Что же ждет эту «субъективную» свободу? В условиях «обесценивания истины», «обесценивания индивидуальностей» она сама тоже оказывается полностью обесцененной. Она годна только на то, чтобы производить «кошмары и химеры». Причем если художник беспрекословно встает на путь оправдания насилия, то он производит демагогические химеры – те, которые должны, «подобно примитивному боевому кличу, развязать и активизировать политическую энергию». Тогда уже какая бы то ни было субъективная свобода художника становится чистой фикцией, ее попросту нет, и художник превращается в механического отливщика демагогических стандартов.
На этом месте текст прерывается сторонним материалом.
lemma is_penrose_inverse_exists:
  fixes M :: "real^'n^'n"
  assumes S: "transpose M = M"
  shows "\<exists>X. is_penrose_inverse M X"
proof -
  let ?R = "range ((*v) M)"
  have span: "span ?R = ?R"
    by (simp add: span_eq_iff linear_subspace_image matrix_vector_mul_linear)
  have "inj_on ((*v) M) (span ?R)"
  proof (rule inj_onI)
    fix r s assume "r \<in> span ?R" "s \<in> span ?R" and eq: "M *v r = M *v s"
    then obtain u where u: "r - s = M *v u"
      by (auto simp: span matrix_vector_mult_diff_distrib[symmetric])
    have "(r - s) \<bullet> (r - s) = u \<bullet> (M *v (r - s))"
      unfolding u by (rule symmetric_inner_matrix_vector[OF S])
    then show "r = s"
      using eq by (simp add: matrix_vector_mult_diff_distrib)
  qed
  then obtain g where g: "range g \<subseteq> span ?R" "linear g" "\<forall>r\<in>span ?R. g (M *v r) = r"
    using linear_inj_on_left_inverse[OF matrix_vector_mul_linear] by blast
  have g_range: "g y \<in> ?R" for y
    using g(1) span by auto
  have g_inv: "g (M *v r) = r" if "r \<in> ?R" for r
    using g(3) span that by auto
  \<comment> \<open>g \<circ> M is the orthogonal projection onto the range of M\<close>
  have proj: "g (M *v (M *v u + z)) = M *v u" if "M *v z = 0" for u z
    using g_inv that by (simp add: matrix_vector_right_distrib)
  have M_g: "M *v g y = y" if "y \<in> ?R" for y
  proof -
    from that obtain x where "y = M *v x"
      by blast
    moreover obtain u z where "x = M *v u + z" "M *v z = 0"
      using symmetric_range_kernel_decomp[OF S, where x = x] by blast
    ultimately show ?thesis
      using proj by (simp add: matrix_vector_right_distrib)
  qed
  have proj_sym: "g (M *v x) \<bullet> y = x \<bullet> g (M *v y)" for x y
  proof -
    obtain u z where x: "x = M *v u + z" "\<And>w. z \<bullet> (M *v w) = 0" "M *v z = 0"
      using symmetric_range_kernel_decomp[OF S, where x = x] by blast
    obtain u' z' where y: "y = M *v u' + z'" "\<And>w. z' \<bullet> (M *v w) = 0" "M *v z' = 0"
      using symmetric_range_kernel_decomp[OF S, where x = y] by blast
    show ?thesis
      using x y proj by (simp add: inner_add_left inner_add_right inner_commute)
  qed
  define X where "X = matrix (g \<circ> g \<circ> (*v) M)"
  have X: "X *v x = g (g (M *v x))" for x
    unfolding X_def using g(2) by (simp add: matrix_vector_mul linear_compose matrix_vector_mul_linear)
  have MX: "(M ** X) *v x = g (M *v x)" for x
    by (simp add: matrix_vector_mul_assoc[symmetric] X M_g g_range)
  have XM: "(X ** M) *v x = g (M *v x)" for x
    by (simp add: matrix_vector_mul_assoc[symmetric] X g_inv)
  have "is_penrose_inverse M X"
    unfolding is_penrose_inverse_def
  proof (intro conjI)
    show "M ** X ** M = M"
      by (simp add: matrix_eq matrix_vector_mul_assoc[symmetric] X M_g g_range g_inv)
    show "X ** M ** X = X"
      by (simp add: matrix_eq matrix_vector_mul_assoc[symmetric] X M_g g_range g_inv)
    show "transpose (M ** X) = M ** X" "transpose (X ** M) = X ** M"
      by (rule symmetric_matrixI, simp add: MX XM proj_sym)+
  qed
  then show ?thesis
    by blast
qed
Эти стандарты, вполне «химерические» по своему существу, внешне должны быть совершенно, до примитивности доступными, грубо доступными, – иначе как же они смогут действовать на массы (собственно фашистское «искусство», официально поощрявшееся фашистскими государствами, никогда не было ни абстрактным, ни «заумным»)? Если же художник остается в стороне от непосредственного служения догме насилия, но все-таки ощущает ее как неизбежность, как рок, тяготеющий над миром, тогда ему остается творить «кошмары и химеры» в чистом виде, не связанные прямо с политической демагогией, но зато и не связанные с чем бы то ни было позитивным. Ведь индивидуальность, признающая себя обесцененной, может производить только антиценности. Она встает на путь бессильного, само над собой глумящегося фрондирования, однообразных «абстрактных» гримас, художественного упадка. В этом случае некая видимость субъективной свободы сохраняется, но она совершенно бесплодна.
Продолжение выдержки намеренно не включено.